# banned E-mail address



## Bootleg (May 4, 2010)

I received a PM and was sent a copy to my City E-mail and the City said City business only (they read our E-mails).

When I try to change my E-mail address a pop-up says that the new E-mail address is banned even when I try three different E-mail addresses.

Need help!


----------



## RJJ (May 5, 2010)

Bootleg: Are you saying your email address is banned from this site? Or is it being excluded from work?


----------



## Bootleg (May 5, 2010)

RJJ,

When I try to change my E-mail address on this board  from my work E-mail to another E-mail at home this BB has a pop-up that says my new E-mail Address is banned.


----------



## brudgers (May 5, 2010)

It's not uncommon for free email addresses to be filtered because of a history of spam:  "hotmail" for example.


----------



## Bootleg (May 5, 2010)

brudgers said:
			
		

> It's not uncommon for free email addresses to be filtered because of a history of spam:  "hotmail" for example.


My E-mail is hotmail:

Is there a way to use it?


----------



## jar546 (May 5, 2010)

PM me your email address and I will verify the situation


----------



## FM William Burns (May 5, 2010)

Bootleg,

Send Admin a PM (from home) and he can re-set your account with the new email address you want. If you can't access at work, explain it's a professional code site where you receive free training....we're not like Facebook.......it's a work related media. Our City has similar policies and our IT and Admin doesn't have any issues with getting on this site. Good Luck!

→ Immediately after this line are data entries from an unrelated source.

(* Let $d\ge 1$ and let $\mathcal{F}$ be a class of real-valued integrable functions on $[0,1]^d$; for $f\in\mathcal{F}$ write $\mu(f)=\int_{[0,1]^d} f(\boldsymbol{x})\,\mathrm{d}\boldsymbol{x}$. Let $\alpha>1$ and $0<m\le M<\infty$. Suppose that $\mathcal{F}$ has a superlinear root mean square lower bound, namely for every $n\ge 1$ and every choice of random points $\boldsymbol{x}_1,\dots,\boldsymbol{x}_n\in[0,1]^d$ (with arbitrary joint distribution), $$\sup_{f\in\mathcal{F}}\mathbb{E}\biggl(\biggl|\frac1n\sum_{i=1}^n f(\boldsymbol{x}_i)-\mu(f)\biggr|^2\biggr)^{1/2}> m n^{-\alpha},$$ where $\mathbb{E}$ denotes expectation over the randomness of the points. Suppose further that there is an infinite sequence of random points $\boldsymbol{x}_1,\boldsymbol{x}_2,\dots\in[0,1]^d$ (with arbitrary joint distribution; no unbiasedness or correlation assumptions) and a strictly increasing sequence of positive integers $n_1<n_2<\cdots$ such that $$\sup_{f\in\mathcal{F}}\mathbb{E}\biggl(\biggl|\frac1n\sum_{i=1}^n f(\boldsymbol{x}_i)-\mu(f)\biggr|^2\biggr)^{1/2}\le M n^{-\alpha}\quad\text{for all } n\in\{n_1,n_2,\dots\}.$$ Then for every $k\ge1$, the ratio $\rho=\rho_k=n_{k+1}/n_k$ satisfies $$\rho \ge 1 + \biggl[\frac{m}{M}\bigl(1+\rho^{1-\alpha}\bigr)^{-1}\biggr]^{1/(\alpha-1)} \ge 1 + \Bigl(\frac{m}{2M}\Bigr)^{1/(\alpha-1)}.$$ *)

theory Defs
  imports "HOL-Probability.Probability"
begin

definition unit_cube :: "(real ^ 'd) set" where
  "unit_cube = cbox 0 1"

definition cube_mean :: "(real ^ 'd \<Rightarrow> real) \<Rightarrow> real" where
  "cube_mean f = (LINT x:unit_cube|lborel. f x)"

definition ennsqrt :: "ennreal \<Rightarrow> ennreal" where
  "ennsqrt e = (if e = top then top else ennreal (sqrt (enn2real e)))"

definition rmse :: "'w measure \<Rightarrow> ('w \<Rightarrow> nat \<Rightarrow> real ^ 'd) \<Rightarrow> nat \<Rightarrow> (real ^ 'd \<Rightarrow> real) \<Rightarrow> ennreal" where
  "rmse Q X n f =
     ennsqrt (\<integral>\<^sup>+ w. ennreal ((1 / real n * (\<Sum>i<n. f (X w i)) - cube_mean f)\<^sup>2) \<partial>Q)"

definition worst_rmse :: "'w measure \<Rightarrow> ('w \<Rightarrow> nat \<Rightarrow> real ^ 'd) \<Rightarrow> nat \<Rightarrow> (real ^ 'd \<Rightarrow> real) set \<Rightarrow> ennreal" where
  "worst_rmse Q X n F = (SUP f\<in>F. rmse Q X n f)"

end

theory Submission
  imports Defs
begin

text \<open>For n < n', the points with indices n, ..., n' - 1 form an equal weight rule with
  N = n' - n points. Its error, multiplied by N, is the difference of the errors of the first
  n' and the first n points, each multiplied by the number of points; so by Minkowski's
  inequality in L2 its RMSE is at most (M n powr (1 - \<alpha>) + M n' powr (1 - \<alpha>)) / N.
  The lower bound, applied to the law of these N points, says that this RMSE exceeds
  m N powr - \<alpha>. Dividing by n powr (1 - \<alpha>) gives
  m (\<rho> - 1) powr (1 - \<alpha>) < M (1 + \<rho> powr (1 - \<alpha>)) for \<rho> = n' / n, which is the claim
  solved for \<rho> - 1; the weaker bound uses \<rho> powr (1 - \<alpha>) \<le> 1.\<close>

lemma ennsqrt_le_ennreal_iff:
  assumes "0 \<le> c"
  shows "ennsqrt e \<le> ennreal c \<longleftrightarrow> e \<le> ennreal (c\<^sup>2)"
proof (cases "e = top")
  case True
  then show ?thesis by (simp add: ennsqrt_def top_unique)
next
  case False
  then obtain r where "0 \<le> r" "e = ennreal r" by (cases e) auto
  then show ?thesis
    using assms by (simp add: ennsqrt_def real_sqrt_le_iff')
qed

lemma power2_diff_le_weighted:
  fixes x y t :: real
  assumes "0 < t"
  shows "(x - y)\<^sup>2 \<le> (1 + t) * x\<^sup>2 + (1 + 1 / t) * y\<^sup>2"
proof -
  have "(1 + t) * x\<^sup>2 + (1 + 1 / t) * y\<^sup>2 - (x - y)\<^sup>2 = (t * x + y)\<^sup>2 / t"
    using assms by (simp add: power2_eq_square field_simps)
  moreover have "0 \<le> (t * x + y)\<^sup>2 / t" using assms by simp
  ultimately show ?thesis by linarith
qed

text \<open>Minkowski's inequality in L2, for bounds; the weight t = b / a is the optimal one.\<close>
lemma nn_integral_power2_diff_le:
  fixes u v :: "'a \<Rightarrow> real"
  assumes [measurable]: "u \<in> borel_measurable M" "v \<in> borel_measurable M"
    and "0 < a" "0 < b"
    and u: "(\<integral>\<^sup>+x. ennreal ((u x)\<^sup>2) \<partial>M) \<le> ennreal (a\<^sup>2)"
    and v: "(\<integral>\<^sup>+x. ennreal ((v x)\<^sup>2) \<partial>M) \<le> ennreal (b\<^sup>2)"
  shows "(\<integral>\<^sup>+x. ennreal ((u x - v x)\<^sup>2) \<partial>M) \<le> ennreal ((a + b)\<^sup>2)"
proof -
  define t where "t = b / a"
  have t: "0 < t" using assms by (simp add: t_def)
  have "(\<integral>\<^sup>+x. ennreal ((u x - v x)\<^sup>2) \<partial>M)
      \<le> (\<integral>\<^sup>+x. ennreal (1 + t) * ennreal ((u x)\<^sup>2) + ennreal (1 + 1 / t) * ennreal ((v x)\<^sup>2) \<partial>M)"
  proof (rule nn_integral_mono)
    fix x
    have "ennreal ((u x - v x)\<^sup>2) \<le> ennreal ((1 + t) * (u x)\<^sup>2 + (1 + 1 / t) * (v x)\<^sup>2)"
      using power2_diff_le_weighted[OF t] by (rule ennreal_leI)
    then show "ennreal ((u x - v x)\<^sup>2)
        \<le> ennreal (1 + t) * ennreal ((u x)\<^sup>2) + ennreal (1 + 1 / t) * ennreal ((v x)\<^sup>2)"
      using t by (simp add: ennreal_mult ennreal_plus)
  qed
  also have "\<dots> = ennreal (1 + t) * (\<integral>\<^sup>+x. ennreal ((u x)\<^sup>2) \<partial>M)
                 + ennreal (1 + 1 / t) * (\<integral>\<^sup>+x. ennreal ((v x)\<^sup>2) \<partial>M)"
    by (simp add: nn_integral_add nn_integral_cmult)
  also have "\<dots> \<le> ennreal (1 + t) * ennreal (a\<^sup>2) + ennreal (1 + 1 / t) * ennreal (b\<^sup>2)"
    by (intro add_mono mult_left_mono u v) auto
  also have "\<dots> = ennreal ((1 + t) * a\<^sup>2 + (1 + 1 / t) * b\<^sup>2)"
    using t by (simp add: ennreal_mult ennreal_plus)
  also have "(1 + t) * a\<^sup>2 + (1 + 1 / t) * b\<^sup>2 = (a + b)\<^sup>2"
    using assms by (simp add: t_def power2_eq_square field_simps)
  finally show ?thesis .
qed

definition scaled_error :: "('w \<Rightarrow> nat \<Rightarrow> real ^ 'd) \<Rightarrow> nat \<Rightarrow> (real ^ 'd \<Rightarrow> real) \<Rightarrow> 'w \<Rightarrow> real"
  where "scaled_error X n f w = (\<Sum>i<n. f (X w i)) - real n * cube_mean f"

lemma scaled_error_shift:
  assumes "n \<le> n'"
  shows "scaled_error (\<lambda>w i. X w (n + i)) (n' - n) f w = scaled_error X n' f w - scaled_error X n f w"
proof -
  have "(\<Sum>i<n + N. f (X w i)) = (\<Sum>i<n. f (X w i)) + (\<Sum>i<N. f (X w (n + i)))" for N
    by (induction N) auto
  from this[of "n' - n"] show ?thesis
    using assms by (simp add: scaled_error_def of_nat_diff algebra_simps)
qed

lemma rmse_le_ennreal_iff:
  assumes "0 < n" "0 \<le> c"
    and [measurable]: "f \<in> borel_measurable borel" "\<And>i. (\<lambda>w. X w i) \<in> borel_measurable Q"
  shows "rmse Q X n f \<le> ennreal c
     \<longleftrightarrow> (\<integral>\<^sup>+w. ennreal ((scaled_error X n f w)\<^sup>2) \<partial>Q) \<le> ennreal ((real n * c)\<^sup>2)"
proof -
  let ?E = "\<integral>\<^sup>+w. ennreal ((1 / real n * (\<Sum>i<n. f (X w i)) - cube_mean f)\<^sup>2) \<partial>Q"
  have "(\<integral>\<^sup>+w. ennreal ((scaled_error X n f w)\<^sup>2) \<partial>Q)
      = (\<integral>\<^sup>+w. ennreal ((real n)\<^sup>2) * ennreal ((1 / real n * (\<Sum>i<n. f (X w i)) - cube_mean f)\<^sup>2) \<partial>Q)"
  proof (rule nn_integral_cong)
    fix w
    have "scaled_error X n f w = real n * (1 / real n * (\<Sum>i<n. f (X w i)) - cube_mean f)"
      using assms(1) by (simp add: scaled_error_def right_diff_distrib)
    then show "ennreal ((scaled_error X n f w)\<^sup>2)
        = ennreal ((real n)\<^sup>2) * ennreal ((1 / real n * (\<Sum>i<n. f (X w i)) - cube_mean f)\<^sup>2)"
      by (simp add: power_mult_distrib ennreal_mult)
  qed
  also have "\<dots> = ennreal ((real n)\<^sup>2) * ?E"
    by (rule nn_integral_cmult) measurable
  finally have "(\<integral>\<^sup>+w. ennreal ((scaled_error X n f w)\<^sup>2) \<partial>Q) \<le> ennreal ((real n * c)\<^sup>2)
      \<longleftrightarrow> ennreal ((real n)\<^sup>2) * ?E \<le> ennreal ((real n)\<^sup>2) * ennreal (c\<^sup>2)"
    by (simp add: ennreal_mult[symmetric] power_mult_distrib)
  also have "\<dots> \<longleftrightarrow> ?E \<le> ennreal (c\<^sup>2)"
    using assms(1) by (intro ennreal_mult_le_mult_iff) auto
  finally show ?thesis
    using assms(2) by (simp add: rmse_def ennsqrt_le_ennreal_iff)
qed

Well then...great minds think alike : )


----------



## RJJ (May 5, 2010)

Bootleg: I see to different IP addresses under your post. You may be have an issue with the home unit and I would guess Internet Explore.


----------



## Bootleg (May 6, 2010)

Hello all,

My E-mail has been changed.

Thank you.

FM,

You're right this is the best site for training and works well with my job and schedule!

I just don't think this City is there yet, I'll keep you posted.

Now they can't read my PM's


----------



## Glennman CBO (May 7, 2010)

Bootleg,

I sent the PM. Is it fixed now? I'll send it again on Monday.

Have a good weekend.


----------